2023 Fiscal Year Final Research Report

• Project/Area Number: 22K14490
• Research Category: Grant-in-Aid for Early-Career Scientists
• Allocation Type: Multi-year Fund
• Review Section: Basic Section 26030:Composite materials and interfaces-related
• Research Institution: The University of Tokyo
• Principal Investigator: Lee Yaerim 東京大学, 大学院工学系研究科(工学部), 講師 (40850714)
• Project Period (FY): 2022-04-01 – 2024-03-31
• Keywords: 動的濡れ / 単分子膜 / 固-液接触線 / 接触角ヒステリシス / 滑水

Outline of Final Research Achievements

In this study, we explored the dynamic wetting phenomena on the surface of self-assembled monolayers composed of molecules with different lengths and wettabilities from the perspective of resistance and contact angle hysteresis at the contact line.
Evaluation of rapid wetting on PEG-silane monolayer surfaces with different repeat units of PEG chains revealed that a delay occurs on the surface of longer-chain PEG-silane monolayer surfaces.

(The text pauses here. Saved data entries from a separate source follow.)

(* Let $H$ be an Abelian group, $X$ a simplicial set, $\gamma:X_2\to H$ a normalized 2-cocycle and $\eta$ its associated twisting function. Let $\mathrm{No}(X,H,\gamma)$ be the set of normalized 1-cochains $\alpha:X_1\to H$ with $\partial\alpha=\gamma$. Then for every $\alpha\in\mathrm{No}(X,H,\gamma)$ there is a unique section $\varphi_\alpha$ of $\pi_\eta:N(H)\times_\eta X\to X$ given in degrees $0,1,2$ by $x\mapsto(0,x)$, $x\mapsto(\alpha(x),x)$, $x\mapsto((\alpha(d_2x),\alpha(d_1x)-\alpha(d_2x)),x)$, and the map $\mathrm{No}(X,H,\gamma)\to\mathrm{Sec}(\pi_\eta)$, $\alpha\mapsto\varphi_\alpha$, is a bijection.
   Context: $N(H)$ is the nerve of $H$: $N(H)_n=H^n$, $d_0$ drops the first entry, $d_n$ drops the last, $d_i$ for $0<i<n$ replaces $a_i,a_{i+1}$ by $a_i+a_{i+1}$, $s_j$ inserts $0$ after the $j$-th entry. A normalized $k$-cochain is a function $X_k\to H$ vanishing on degenerate simplices; $\partial\alpha(x)=\alpha(d_0x)-\alpha(d_1x)+\alpha(d_2x)$; a normalized 2-cocycle is a normalized 2-cochain $\gamma$ with $\sum_{i=0}^3(-1)^i\gamma(d_i\sigma)=0$ for $\sigma\in X_3$. The associated twisting function: $\eta_1=0$, $\eta_2=\gamma$, $\eta_n(x)=(\gamma(d_3\cdots d_nx),\eta_{n-1}(d_1x)-\eta_{n-1}(d_0x))\in H^{n-1}$. $N(H)\times_\eta X$ has $n$-simplices $H^n\times X_n$, $d_0(g,x)=(d_0g+\eta_n(x),d_0x)$, other faces and degeneracies componentwise; $\pi_\eta$ is the projection; $\mathrm{Sec}(\pi_\eta)$ is the set of simplicial maps $s:X\to N(H)\times_\eta X$ with $\pi_\eta s=\mathrm{id}$. *)

theory Defs
  imports Main
begin

text \<open>A simplicial set is given by carriers X n (the n-simplices), face maps
  d n i : X n -> X (n-1) (for n >= 1, i <= n; the first argument is the degree of the
  source) and degeneracies s n j : X n -> X (n+1) (for j <= n), subject to the
  simplicial identities.\<close>

definition simplicial_set ::
  "(nat \<Rightarrow> 'x set) \<Rightarrow> (nat \<Rightarrow> nat \<Rightarrow> 'x \<Rightarrow> 'x) \<Rightarrow> (nat \<Rightarrow> nat \<Rightarrow> 'x \<Rightarrow> 'x) \<Rightarrow> bool" where
  "simplicial_set X d s \<longleftrightarrow>
     (\<forall>n i x. i \<le> Suc n \<longrightarrow> x \<in> X (Suc n) \<longrightarrow> d (Suc n) i x \<in> X n) \<and>
     (\<forall>n j x. j \<le> n \<longrightarrow> x \<in> X n \<longrightarrow> s n j x \<in> X (Suc n)) \<and>
     \<comment> \<open>d_i d_j = d_{j-1} d_i for i < j\<close>
     (\<forall>n i j x. i < j \<longrightarrow> j \<le> Suc (Suc n) \<longrightarrow> x \<in> X (Suc (Suc n)) \<longrightarrow>
        d (Suc n) i (d (Suc (Suc n)) j x) = d (Suc n) (j - 1) (d (Suc (Suc n)) i x)) \<and>
     \<comment> \<open>d_i s_j = s_{j-1} d_i for i < j\<close>
     (\<forall>n i j x. i < j \<longrightarrow> j \<le> Suc n \<longrightarrow> x \<in> X (Suc n) \<longrightarrow>
        d (Suc (Suc n)) i (s (Suc n) j x) = s n (j - 1) (d (Suc n) i x)) \<and>
     \<comment> \<open>d_j s_j = id = d_{j+1} s_j\<close>
     (\<forall>n j x. j \<le> n \<longrightarrow> x \<in> X n \<longrightarrow>
        d (Suc n) j (s n j x) = x \<and> d (Suc n) (Suc j) (s n j x) = x) \<and>
     \<comment> \<open>d_i s_j = s_j d_{i-1} for i > j+1\<close>
     (\<forall>n i j x. Suc j < i \<longrightarrow> i \<le> Suc (Suc n) \<longrightarrow> x \<in> X (Suc n) \<longrightarrow>
        d (Suc (Suc n)) i (s (Suc n) j x) = s n j (d (Suc n) (i - 1) x)) \<and>
     \<comment> \<open>s_i s_j = s_{j+1} s_i for i <= j\<close>
     (\<forall>n i j x. i \<le> j \<longrightarrow> j \<le> n \<longrightarrow> x \<in> X n \<longrightarrow>
        s (Suc n) i (s n j x) = s (Suc n) (Suc j) (s n i x))"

This represents a direct observation of the influence of molecular-scale behavior on macroscopic dynamic wetting and is a new discovery that challenges the conventional understanding that dynamic wetting of droplets on hydrophilic surfaces is inertial dominated. Furthermore, it was found that the longer-chain PEG molecules exhibit very low contact angle hysteresis, clarifying that energy dissipation due to molecular behavior, as observed in rapid wetting experiments, reduces the resistance to contact line movement from the equilibrium state.

Free Research Field

動的濡れ、表面界面制御

Academic Significance and Societal Importance of the Research Achievements

液滴が固体表面上で濡れ拡がる現象は身近でありながら、印刷や塗装、熱交換器など様々な産業分野において重要である。濡れを理解する基礎系であるキャピラリー濡れの中でもっとも非平衡性の高い初期の高速濡れは、これまで主に慣性、粘性、接触線摩擦間のバランスとして議論され、水のような低粘性流体の場合は慣性支配であり濡れ拡がりの時間のべき乗数は表面の濡れ性、つまり静的接触角に応じて決まると理解されてきた。本研究の成果により濡れにおける分子スケールの効果が明らかになり、実用応用で重要となる接触角ヒステリシスの理解でも同様の視点が必要でることが確認されたことから、今後濡れ分野の学理のさらなる深化が期待できる。